Write out each line from the data below that includes the word "blast".
##### Source material
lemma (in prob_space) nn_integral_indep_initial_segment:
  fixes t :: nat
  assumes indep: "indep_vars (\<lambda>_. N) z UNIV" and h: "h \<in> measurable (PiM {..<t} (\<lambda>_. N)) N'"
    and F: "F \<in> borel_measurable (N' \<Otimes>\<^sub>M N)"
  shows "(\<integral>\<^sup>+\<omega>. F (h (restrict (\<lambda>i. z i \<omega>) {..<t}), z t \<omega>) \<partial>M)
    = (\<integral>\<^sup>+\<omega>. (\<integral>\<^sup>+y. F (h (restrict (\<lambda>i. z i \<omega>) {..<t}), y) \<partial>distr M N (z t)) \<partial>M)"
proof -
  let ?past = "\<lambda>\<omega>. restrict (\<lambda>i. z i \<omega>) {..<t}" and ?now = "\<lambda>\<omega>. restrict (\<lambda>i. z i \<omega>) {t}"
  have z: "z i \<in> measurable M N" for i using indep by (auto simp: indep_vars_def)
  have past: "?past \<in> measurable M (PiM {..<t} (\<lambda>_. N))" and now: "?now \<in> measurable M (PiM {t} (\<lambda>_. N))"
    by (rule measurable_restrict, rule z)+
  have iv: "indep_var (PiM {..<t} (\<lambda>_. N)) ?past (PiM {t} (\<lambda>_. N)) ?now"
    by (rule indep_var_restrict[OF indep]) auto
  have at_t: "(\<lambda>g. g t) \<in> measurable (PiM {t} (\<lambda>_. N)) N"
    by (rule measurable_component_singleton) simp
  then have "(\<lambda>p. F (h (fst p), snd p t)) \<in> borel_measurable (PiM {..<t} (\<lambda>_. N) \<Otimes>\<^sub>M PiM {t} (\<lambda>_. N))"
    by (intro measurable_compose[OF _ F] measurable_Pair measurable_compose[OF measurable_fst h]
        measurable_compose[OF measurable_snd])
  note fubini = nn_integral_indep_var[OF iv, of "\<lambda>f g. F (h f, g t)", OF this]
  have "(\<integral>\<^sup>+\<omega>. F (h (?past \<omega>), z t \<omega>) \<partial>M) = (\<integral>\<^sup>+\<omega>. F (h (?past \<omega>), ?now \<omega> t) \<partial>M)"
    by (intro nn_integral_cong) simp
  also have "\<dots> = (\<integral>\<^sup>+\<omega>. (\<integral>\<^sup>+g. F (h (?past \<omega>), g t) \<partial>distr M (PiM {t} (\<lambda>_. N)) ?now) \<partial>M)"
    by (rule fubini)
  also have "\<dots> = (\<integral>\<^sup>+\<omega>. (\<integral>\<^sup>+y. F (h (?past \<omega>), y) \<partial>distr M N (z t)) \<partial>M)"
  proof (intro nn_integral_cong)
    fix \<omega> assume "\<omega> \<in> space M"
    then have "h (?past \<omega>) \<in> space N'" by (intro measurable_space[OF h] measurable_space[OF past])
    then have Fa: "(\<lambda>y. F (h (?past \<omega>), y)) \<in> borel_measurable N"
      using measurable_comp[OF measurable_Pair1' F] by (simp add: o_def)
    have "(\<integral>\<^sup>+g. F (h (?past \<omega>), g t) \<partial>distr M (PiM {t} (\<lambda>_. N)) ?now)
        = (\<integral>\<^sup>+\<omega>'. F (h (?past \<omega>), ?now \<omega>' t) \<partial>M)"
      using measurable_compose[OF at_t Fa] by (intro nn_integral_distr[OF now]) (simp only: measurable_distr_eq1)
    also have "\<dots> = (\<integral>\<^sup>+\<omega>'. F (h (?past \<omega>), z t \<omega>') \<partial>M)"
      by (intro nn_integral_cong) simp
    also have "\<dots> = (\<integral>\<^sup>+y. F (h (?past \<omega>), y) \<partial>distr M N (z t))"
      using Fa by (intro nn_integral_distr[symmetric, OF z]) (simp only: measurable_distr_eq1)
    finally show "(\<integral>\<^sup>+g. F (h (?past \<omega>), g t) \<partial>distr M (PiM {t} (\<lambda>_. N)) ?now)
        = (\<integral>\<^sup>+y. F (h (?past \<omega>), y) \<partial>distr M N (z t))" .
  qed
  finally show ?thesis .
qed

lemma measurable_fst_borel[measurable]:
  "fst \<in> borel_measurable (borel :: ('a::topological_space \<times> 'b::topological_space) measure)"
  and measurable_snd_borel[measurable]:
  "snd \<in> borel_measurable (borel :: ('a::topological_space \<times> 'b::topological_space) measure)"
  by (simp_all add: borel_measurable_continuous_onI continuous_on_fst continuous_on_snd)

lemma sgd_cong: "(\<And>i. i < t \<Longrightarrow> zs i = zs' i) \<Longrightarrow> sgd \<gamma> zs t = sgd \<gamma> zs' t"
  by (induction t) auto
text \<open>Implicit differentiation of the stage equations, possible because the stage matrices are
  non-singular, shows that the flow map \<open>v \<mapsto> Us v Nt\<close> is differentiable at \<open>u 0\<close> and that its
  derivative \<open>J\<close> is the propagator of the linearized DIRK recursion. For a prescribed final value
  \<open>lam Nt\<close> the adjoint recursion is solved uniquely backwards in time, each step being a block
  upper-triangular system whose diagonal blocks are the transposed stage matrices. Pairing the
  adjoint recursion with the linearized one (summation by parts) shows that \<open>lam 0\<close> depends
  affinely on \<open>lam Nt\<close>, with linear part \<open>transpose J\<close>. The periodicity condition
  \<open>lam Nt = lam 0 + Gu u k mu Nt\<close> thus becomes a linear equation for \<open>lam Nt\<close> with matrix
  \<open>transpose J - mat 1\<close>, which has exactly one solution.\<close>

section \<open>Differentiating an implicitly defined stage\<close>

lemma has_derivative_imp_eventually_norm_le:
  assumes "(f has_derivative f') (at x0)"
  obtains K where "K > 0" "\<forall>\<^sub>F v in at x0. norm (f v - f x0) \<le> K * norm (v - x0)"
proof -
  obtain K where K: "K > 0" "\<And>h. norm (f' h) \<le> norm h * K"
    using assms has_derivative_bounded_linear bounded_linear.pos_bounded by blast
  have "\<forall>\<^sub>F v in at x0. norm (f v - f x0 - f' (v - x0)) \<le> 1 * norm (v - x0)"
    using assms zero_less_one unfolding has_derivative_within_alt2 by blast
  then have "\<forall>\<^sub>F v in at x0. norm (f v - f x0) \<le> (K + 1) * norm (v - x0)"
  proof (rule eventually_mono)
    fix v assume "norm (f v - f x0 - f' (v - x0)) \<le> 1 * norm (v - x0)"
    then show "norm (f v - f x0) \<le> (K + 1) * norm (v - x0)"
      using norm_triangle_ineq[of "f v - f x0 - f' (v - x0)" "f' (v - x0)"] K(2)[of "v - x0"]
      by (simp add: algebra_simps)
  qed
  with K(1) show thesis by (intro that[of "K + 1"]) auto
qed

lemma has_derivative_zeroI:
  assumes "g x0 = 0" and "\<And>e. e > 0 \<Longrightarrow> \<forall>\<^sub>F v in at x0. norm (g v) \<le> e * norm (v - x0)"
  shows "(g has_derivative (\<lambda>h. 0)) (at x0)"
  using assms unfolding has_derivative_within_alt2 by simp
##########
Written solution:
    using assms has_derivative_bounded_linear bounded_linear.pos_bounded by blast
    using assms zero_less_one unfolding has_derivative_within_alt2 by blast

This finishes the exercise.